Zope 4.8.4 and 5.7.1 released

On behalf of Zope developer community I am pleased to announce the releases of Zope 4.8.4 and 5.7.1.

This release fixes a security issue related to the "Content-Type" response header and how its default is set during publishing. For the full list of changes see the change logs at Change log — Zope documentation 4.8.4 documentation and Change log — Zope documentation 5.7.1 documentation

Installation instructions can be found at Installing Zope — Zope documentation 4.8.4 documentation and Installing Zope — Zope documentation 5.7.1 documentation.

1 Like

Please hold off on upgrading at the moment, the new version introduced a bug in the ZMI that will be fixed shortly.

We are also preparing Plone releases for 5.2 and 6.0 to include basically only the new Zope version.

Note that in Plone we usually create a special hotfix package that you can install as extra package in your site, in any of the supported Plone versions, including for example a very old 5.2.0. In this case this was not practically possible. So to be fully protected, you need to use these new Zope versions.

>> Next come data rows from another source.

lemma stm_le_antisym: "x \<in> ghosts U \<Longrightarrow> y \<in> ghosts U \<Longrightarrow> st_le U x y \<Longrightarrow> st_le U y x \<Longrightarrow> x = y"
  using supertropical_monoid unfolding supertropical_monoid_def Let_def by blast

lemma stm_le_total: "x \<in> ghosts U \<Longrightarrow> y \<in> ghosts U \<Longrightarrow> st_le U x y \<or> st_le U y x"
  using supertropical_monoid unfolding supertropical_monoid_def Let_def by blast

lemma stm_le_mul_right:
  "x \<in> ghosts U \<Longrightarrow> y \<in> ghosts U \<Longrightarrow> z \<in> ghosts U \<Longrightarrow> st_le U x y \<Longrightarrow>
    st_le U (st_mul U x z) (st_mul U y z)"
  using supertropical_monoid unfolding supertropical_monoid_def Let_def by blast

lemma ghosts_subset_carrier: "x \<in> ghosts U \<Longrightarrow> x \<in> st_carrier U"
  unfolding ghosts_def using stm_closed by auto

lemma ghost_map_in_ghosts: "x \<in> st_carrier U \<Longrightarrow> ghost_map U x \<in> ghosts U"
  unfolding ghosts_def by auto

lemma ghost_map_ghost: "x \<in> ghosts U \<Longrightarrow> ghost_map U x = x"
  unfolding ghosts_def using stm_mul_assoc[symmetric] stm_e_idem stm_closed by auto

lemma ghost_map_idem: "x \<in> st_carrier U \<Longrightarrow> ghost_map U (ghost_map U x) = ghost_map U x"
  by (simp add: ghost_map_ghost ghost_map_in_ghosts)

lemma ghosts_mul_right: "x \<in> ghosts U \<Longrightarrow> y \<in> st_carrier U \<Longrightarrow> st_mul U x y \<in> ghosts U"
  by (metis ghost_map_ghost ghost_map_in_ghosts ghosts_subset_carrier stm_closed stm_mul_assoc)

lemma zero_in_ghosts: "st_zero U \<in> ghosts U"
  using ghost_map_in_ghosts[OF stm_closed(2)] stm_mul_comm stm_zero_mul stm_closed by metis

lemma e_in_ghosts: "st_e U \<in> ghosts U"
  using ghost_map_in_ghosts[OF stm_closed(3)] stm_e_idem by simp

lemma ghost_map_mul:
  assumes "x \<in> st_carrier U" "y \<in> st_carrier U"
  shows "ghost_map U (st_mul U x y) = st_mul U (ghost_map U x) (ghost_map U y)"
proof -
  have "st_mul U (ghost_map U x) (ghost_map U y) = st_mul U x (ghost_map U (ghost_map U y))"
    using assms stm_closed by (metis stm_mul_assoc stm_mul_comm)
  also have "\<dots> = ghost_map U (st_mul U x y)"
    using assms stm_closed by (metis ghost_map_idem stm_mul_assoc stm_mul_comm)
  finally show ?thesis ..
qed

lemma ghost_mul_ghost_map: "a \<in> ghosts U \<Longrightarrow> z \<in> st_carrier U \<Longrightarrow> st_mul U a (ghost_map U z) = st_mul U a z"
  using ghost_map_mul ghost_map_ghost ghosts_mul_right ghosts_subset_carrier by metis

lemma st_add_closed: "x \<in> st_carrier U \<Longrightarrow> y \<in> st_carrier U \<Longrightarrow> st_add U x y \<in> st_carrier U"
  unfolding st_add_def Let_def using stm_closed by auto

lemma st_add_ghosts:
  "x \<in> ghosts U \<Longrightarrow> y \<in> ghosts U \<Longrightarrow> st_add U x y = (if x = y then x else if st_le U x y then y else x)"
  unfolding st_add_def Let_def using ghost_map_ghost by auto

lemma st_add_ghosts_closed: "x \<in> ghosts U \<Longrightarrow> y \<in> ghosts U \<Longrightarrow> st_add U x y \<in> ghosts U"
  by (simp add: st_add_ghosts)

lemma st_add_same_ghost:
  "ghost_map U x = ghost_map U y \<Longrightarrow> st_add U x y = ghost_map U x"
  unfolding st_add_def Let_def by auto

lemma st_add_lower_ghost:
  assumes "x \<in> st_carrier U" "a \<in> ghosts U" "st_le U a (ghost_map U x)" "a \<noteq> ghost_map U x"
  shows "st_add U x a = x"
  using assms stm_le_antisym ghost_map_in_ghosts unfolding st_add_def Let_def
  by (auto simp: ghost_map_ghost)

end

definition bs_le :: "('n, 'b) bsr_scheme \<Rightarrow> 'n \<Rightarrow> 'n \<Rightarrow> bool" where
  "bs_le N p q \<longleftrightarrow> bs_add N p q = q"

locale bipotent =
  fixes N :: "('n, 'b) bsr_scheme"
  assumes bipotent_semiring: "bipotent_semiring N"
begin

lemma bs_add_assoc:
  "p \<in> bs_carrier N \<Longrightarrow> q \<in> bs_carrier N \<Longrightarrow> r \<in> bs_carrier N \<Longrightarrow>
    bs_add N (bs_add N p q) r = bs_add N p (bs_add N q r)"
  using bipotent_semiring unfolding bipotent_semiring_def Let_def by blast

But as Jens wrote: hold off upgrading for the moment, until a new fix is released.

1 Like

Zope 4.8.5 and 5.7.2 with a fix for the ZMI rendering issues has been released, see https://community.plone.org/t/zope-4-8-5-and-5-7-2-released

The latest version of the Zope security fix is included in the just released Plone 6.0.0.1 and 5.2.10.1. Separate announcements to follow.